HLATSHWAYO AND UCHENA JJ

HARARE,

Criminal Review

UCHENA J:  Christopher Ndlovu who I will in this judgment refer to as the convicted person appeared before a regional magistrate sitting at Mutare Magistrate’s Court, charged with the contravention of s 184 of the Criminal Law (Codification and reform Act [Cap 9:23] (defeating the course of justice) and alternatively s180 of the Code (giving false information to the court). He was jointly charged with a co-accused whose fate is not under consideration in this review judgment. The convicted person pleaded not guilty, but was convicted after a trial. It is however not clear as to whether he was convicted on the main charge or the alternative as the record of proceedings has been lost.

The facts on which he was convicted are briefly the following. The convicted person and his co-accused are legal practitioners. His co-accused represented an accused person of Mauritian origin, who was granted bail on . One of the conditions on which he was granted bail was that he was to surrender his passport to the clerk of court at Mutare Magistrate’s Court. The passport was surrendered to the clerk of court as per the bail condition. On 13 May 2008 the convicted person’s co-accused applied for the Mauritian accused’s passport to be temporarily released to him, ( “the co-accused”), on the pretext that he required it for purposes of sorting out certain immigration formalities, but solemnly undertook not to give the passport to the accused, but to return it to the clerk of court. The court’s ruling was deferred. On the date of determination the convicted person appeared for the accused. He signed for the passport after undertaking that he would only use it to sort out immigration formalities, and return it to the clerk of court.
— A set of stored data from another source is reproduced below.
(* Let $\mathcal{APS}_4$ be the set of all nonnegative integers that occur as the number of points of $\mathbb{Z}^4$ in the relative interior of a lattice square $\mathrm{conv}\{0,u,v,u+v\}$, where $u,v\in\mathbb{Z}^4$ are nonzero with $u\cdot v=0$ and $u\cdot u=v\cdot v$. Then: (i) $\mathcal{APS}_4$ contains every odd positive integer; (ii) for every prime $p\ge 11$, the even number $p-1$ belongs to $\mathcal{APS}_4$.
   Context: This set is called the sequence of almost perfect squares in dimension 4. For such a square $\square$ with Ehrhart polynomial $E_\square$ (so $E_\square(t)=\#(t\square\cap\mathbb{Z}^4)$ for positive integers $t$), the number of lattice points in its relative interior equals $E_\square(-1)$. *)

theory Defs
  imports "HOL-Analysis.Analysis" "HOL-Computational_Algebra.Primes"
begin

definition is_lattice_point4 :: "real^4 \<Rightarrow> bool" where
  "is_lattice_point4 x \<longleftrightarrow> (\<forall>i. x $ i \<in> \<int>)"

definition lattice_square4 :: "real^4 \<Rightarrow> real^4 \<Rightarrow> (real^4) set" where
  "lattice_square4 u v = convex hull {0, u, v, u + v}"

definition APS4 :: "nat set" where
  "APS4 = {n. \<exists>u v :: real^4. is_lattice_point4 u \<and> is_lattice_point4 v \<and>
             u \<noteq> 0 \<and> v \<noteq> 0 \<and> inner u v = 0 \<and> inner u u = inner v v \<and>
             n = card {x \<in> rel_interior (lattice_square4 u v). is_lattice_point4 x}}"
On  the Mauritian accused defaulted court and the convicted person informed the court that the accused had gone to  to consult an Advocate. The convicted person did not return the passport to the clerk of court. The Mauritian accused person did not stand trial as he had left the country. The convicted person and his co-accused where charged with defeating the course of justice and alternatively giving false information to the court.

The convicted person was convicted and sentenced after which he appealed and applied for bail pending appeal before the same regional magistrate who was now sitting at Harare regional court. Things started going wrong when the regional magistrate attended to the record of proceedings which had apparently, been send to him from Mutare as the typist could not read his hand writing. Evidence led to prove and defend against these charges was lost. The trial magistrate wavered over whether or not the record of proceedings could be reconstructed.

The regional magistrate according to his own comments in a letter to the senior regional magistrate Harare dated , said:

“I recall it took me some time to complete the annotations since the record was fairly voluminous, but I think I completed it in late 2008. Unfortunately, and this is where I erred, from that time I got preoccupied with other matters and ceased to attend to it.”

There was no reason why the magistrate kept in his office a record he had finished annotating. He should have sent it back to the clerk of court who is the custodian of court records.

The issue of the disappearance of this record moved a ladder up to the office of the Chief Magistrate who apparently gave a dead line for the reconstruction of the record of proceedings. By letter dated  the regional magistrate wrote to the Chief Magistrate expressing doubts about the possibility of reconstructing the record of proceedings.

On  the Chief Magistrate’s office forwarded the scant remains of the record to the Registrar for review. It landed on HLATSWAYO J’s desk.  During the period 4 February to  I sat with HLATSWAYO J in the Civil Appeals Court. We discussed this review and started working on it together.

The correct reconstruction procedure should have been initiated by the clerk of court Mutare, and not by the regional magistrate, senior regional magistrate and the Chief Magistrate. The clerk of court is the custodian of court records and could still have other documents to augment the scant remains of the proceedings which were forwarded for review by the Chief Magistrate’s office. The last paragraph of the Chief Magistrate’s letter reads:

In light of the above, the matter is being placed before the Honourable Judge for setting aside of the proceedings”--- .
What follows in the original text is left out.